- What needs to be done: Check each line of the entries below for the word "else", then state how many lines have it and nothing more.

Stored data

==================================================

lemma init_colouring_Min_class:
  fixes G :: "('v, 'd, 'f) fg" and h :: "'f \<Rightarrow> nat"
  assumes h: "inj_on h (factors G)"
    and finite: "finite (known G)" and disjoint: "known G \<inter> unknown G = {}"
  defines "cls f \<equiv> {g \<in> known G. identical_pot G f g}"
  shows "init_colouring G (\<lambda>f. if f \<in> known G then Min (h ` cls f) else h f)"
    (is "init_colouring G ?col")
proof -
  have Min_cls: "\<exists>a\<in>cls f. ?col f = h a" if "f \<in> known G" for f
  proof -
    have "f \<in> cls f" using that identical_pot_refl[of G f] unfolding cls_def by simp
    then have "Min (h ` cls f) \<in> h ` cls f" using finite unfolding cls_def by (intro Min_in) auto
    then show ?thesis using that by auto
  qed
  have h_eq: "a = b" if "h a = h b" "a \<in> factors G" "b \<in> factors G" for a b
    using inj_onD[OF h] that .
  show ?thesis unfolding init_colouring_def
  proof (intro conjI ballI impI)
    fix f g assume f: "f \<in> known G" and g: "g \<in> known G"
    show "(?col f = ?col g) = identical_pot G f g"
    proof
      assume fg: "identical_pot G f g"
      have "cls f = cls g"
        using identical_pot_trans[OF identical_pot_sym[OF fg]] identical_pot_trans[OF fg]
        unfolding cls_def by blast
      then show "?col f = ?col g" using f g by simp
    next
      assume "?col f = ?col g"
      moreover obtain a where "a \<in> cls f" "?col f = h a" using Min_cls[OF f] by blast
      moreover obtain b where "b \<in> cls g" "?col g = h b" using Min_cls[OF g] by blast
      ultimately have "identical_pot G f a" "identical_pot G g a"
        using h_eq[of a b] unfolding cls_def factors_def by auto
      then show "identical_pot G f g" by (rule identical_pot_trans[OF _ identical_pot_sym])
    qed
  next
    fix f g assume f: "f \<in> unknown G" and g: "g \<in> factors G" and "g \<noteq> f"
    have f_fac: "f \<in> factors G" and f_unk: "f \<notin> known G"
      using f disjoint unfolding factors_def by auto
    show "?col g \<noteq> ?col f"
    proof (cases "g \<in> known G")
      case True
      then obtain a where "a \<in> cls g" "?col g = h a" using Min_cls by blast
      then show ?thesis using f_fac f_unk h_eq[of a f] unfolding cls_def factors_def by auto
    next
      case False
      then show ?thesis using f_fac f_unk h_eq[of g f] g \<open>g \<noteq> f\<close> by auto
    qed
  qed
qed
(* Assume the setting in the context (Condition ASM). Fix $c>1$, $\bar c=(c+1)/(c-1)$, and let $\widehat\beta$ be a LASSO solution. If $\lambda\geqslant c\,n\|S\|_\infty$, then $$\|\widehat\beta-\beta_0\|_1\leqslant\frac{(1+2\bar c)\sqrt s}{\kappa_{2\bar c}}\Big[\Big(1+\frac1c\Big)\frac{\lambda\sqrt s}{n\kappa_{\bar c}}+2c_s\Big]+\Big(1+\frac{1}{2\bar c}\Big)\frac{2c}{c-1}\frac{n}{\lambda}c_s^2,$$ where $c_s=0$ in the parametric case $f_i=x_i'\beta_0$.
   Context: Condition ASM: observations $(y_i,z_i)$, $i=1,\dots,n$, $z_i$ fixed, $y_i=f(z_i)+\varepsilon_i$, $\varepsilon_i$ i.i.d. $N(0,\sigma^2)$; $f_i=f(z_i)$, $\mathbb{E}_n[a_i]=n^{-1}\sum_ia_i$; $x_i=P(z_i)\in\mathbb{R}^p$ (including a constant) with $\mathbb{E}_n[x_{ij}^2]=1$. $\beta_0$ is any solution of $\min_\beta\mathbb{E}_n[(f_i-x_i'\beta)^2]+\sigma^2\|\beta\|_0/n$; $s=\|\beta_0\|_0$, $T=\mathrm{support}(\beta_0)$, $c_s=\sqrt{\mathbb{E}_n[(f_i-x_i'\beta_0)^2]}\leqslant K\sigma\sqrt{s/n}$ for an absolute constant $K$. $\|\delta\|_{2,n}=\sqrt{\mathbb{E}_n[(x_i'\delta)^2]}$; $S=2\mathbb{E}_n[x_i\varepsilon_i]$; LASSO: $\widehat\beta\in\arg\min_\beta\mathbb{E}_n[(y_i-x_i'\beta)^2]+\frac\lambda n\|\beta\|_1$, $\lambda>0$. $\delta_A$ is $\delta$ with entries outside $A$ set to zero. Restricted eigenvalue: for $C>0$, $\kappa_C=\min\{\sqrt s\|\delta\|_{2,n}/\|\delta_T\|_1:\|\delta_{T^c}\|_1\leqslant C\|\delta_T\|_1,\ \delta_T\neq0\}$. *)

theory Defs
  imports "HOL-Probability.Probability"
begin
lemma index_law_holds:
  assumes x: "1 \<le> x"
  shows "1 \<le> n \<Longrightarrow> index_law n x"
proof (induction n rule: less_induct)
  case (less n)
  show ?case
  proof (cases "n = 1")
    case True
    show ?thesis unfolding index_law_def True
    proof (intro ballI impI)
      fix c assume "c \<in> LOCO 1 x" "\<not> hd c"
      then have "c = [False]" by (cases c) (auto simp: LOCO_def)
      then show "2 * g_idx 1 x c = weight x (tl c)" by (simp add: g_idx_def bin_val_Cons)
    qed
  next
    case False
    then obtain m where n: "n = Suc m" and m: "1 \<le> m" using less.prems by (cases n) auto
    show ?thesis unfolding index_law_def
    proof (intro ballI impI)
      fix c assume "c \<in> LOCO n x" "\<not> hd c"
      then obtain c' where c: "c = False # c'" "c' \<in> LOCO m x" "\<not> forbidden_prefix x False c'"
        using n by (cases c) (auto simp: LOCO_eq loco_word_Cons)
      have "\<And>j. 1 \<le> j \<Longrightarrow> j \<le> m \<Longrightarrow> index_law j x" using less.IH n by simp
      then show "2 * g_idx n x c = weight x (tl c)"
        using double_card_below_eq_weight[OF x m _ c(2,3)] g_idx_False_Cons[of c' m x] c n
        by (simp add: LOCO_def)
    qed
  qed
qed

section \<open>The balanced index\<close>

lemma bit_at_Cons:
  assumes "i < length w"
  shows "bit_at (a # w) i = bit_at w i"
proof -
  have "length w - i = Suc (length w - Suc i)" using assms by simp
  then show ?thesis by (simp add: bit_at_def)
qed

lemma weight_eq_sum:
  "weight x w = (\<Sum>i | i < length w \<and> bit_at w i. N_card (int i - int x + 1) x)"
proof (induction w)
  case (Cons a w)
  have "{i. i < length (a # w) \<and> bit_at (a # w) i}
      = (if a then insert (length w) else id) {i. i < length w \<and> bit_at w i}"
    by (auto simp: bit_at_Cons less_Suc_eq) (auto simp: bit_at_def)
  then show ?case using Cons by simp
qed simp

lemma sum_bit_at_eq_weight:
  assumes "length c = m" "2 \<le> m"
  shows "(\<Sum>i\<in>{i. i \<le> m - 2 \<and> bit_at c i = b}. real (N_card (int i - int x + 1) x))
           = real (weight x (tl (if b then c else map Not c)))"
proof -
  define d where "d = (if b then c else map Not c)"
  have bit_d: "bit_at c i = b \<longleftrightarrow> bit_at d i" if "i < m" for i
    using that assms by (auto simp: d_def bit_at_def)
  have "length d = m" using assms(1) by (simp add: d_def)
  then obtain a w where d: "d = a # w" "length w = m - 1"
    using assms(2) by (cases d) auto
  have "i \<le> m - 2 \<and> bit_at c i = b \<longleftrightarrow> i < length (tl d) \<and> bit_at (tl d) i" for i
  proof (cases "i < m - 1")
    case True
    then show ?thesis using bit_d[of i] bit_at_Cons[of i w a] d by auto
  next
    case False
    then show ?thesis using d assms(2) by auto
  qed
  then have "{i. i \<le> m - 2 \<and> bit_at c i = b} = {i. i < length (tl d) \<and> bit_at (tl d) i}"
    by blast
  then show ?thesis by (simp add: weight_eq_sum d_def)
qed

lemma double_gb_idx:
  assumes "1 \<le> x" "2 \<le> m" "c \<in> LOCO m x"
  shows "2 * gb_idx m x c = weight x (tl (if hd c then map Not c else c))"
proof -
  have law: "index_law m x" using index_law_holds assms by simp
  have "c \<noteq> []" using assms by (auto simp: LOCO_def)
  show ?thesis
  proof (cases "hd c")
    case False
    then show ?thesis using law assms(3) by (simp add: gb_idx_def index_law_def)
  next
    case True
    have "N_card (int m) x = card (LOCO m x)" using assms(2) by (simp add: N_card_def)
    then have "gb_idx m x c = g_idx m x (map Not c)"
      using True g_idx_map_Not[OF assms(3)] by (simp add: gb_idx_def)
    then show ?thesis
      using law assms(3) True hd_map_Not[OF \<open>c \<noteq> []\<close>] by (simp add: index_law_def)
  qed
qed

theorem theorem3:
  fixes x m :: nat and c :: "bool list"
  assumes "x \<ge> 1" and "m \<ge> 2" and "c \<in> LOCO m x"
  shows "(bit_at c (m - 1) = False \<longrightarrow>
            real (gb_idx m x c) =
              (1/2) * (\<Sum>i\<in>{i. i \<le> m - 2 \<and> bit_at c i = True}.
                         real (N_card (int i - int x + 1) x)))
       \<and> (bit_at c (m - 1) = True \<longrightarrow>
            real (gb_idx m x c) =
              (1/2) * (\<Sum>i\<in>{i. i \<le> m - 2 \<and> bit_at c i = False}.
                         real (N_card (int i - int x + 1) x)))"
proof -
  have len: "length c = m" using assms(3) by (simp add: LOCO_def)
  then have "bit_at c (m - 1) = hd c" using assms(2) by (cases c) (auto simp: bit_at_def)
  moreover have "real (gb_idx m x c) = 1/2 * real (weight x (tl (if hd c then map Not c else c)))"
    using double_gb_idx[OF assms] by (simp add: field_simps flip: of_nat_mult)
  ultimately show ?thesis
    using sum_bit_at_eq_weight[OF len assms(2), where b = "\<not> hd c" and x = x]
    by (cases "hd c") simp_all
qed

end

==================================================

- Response area: 6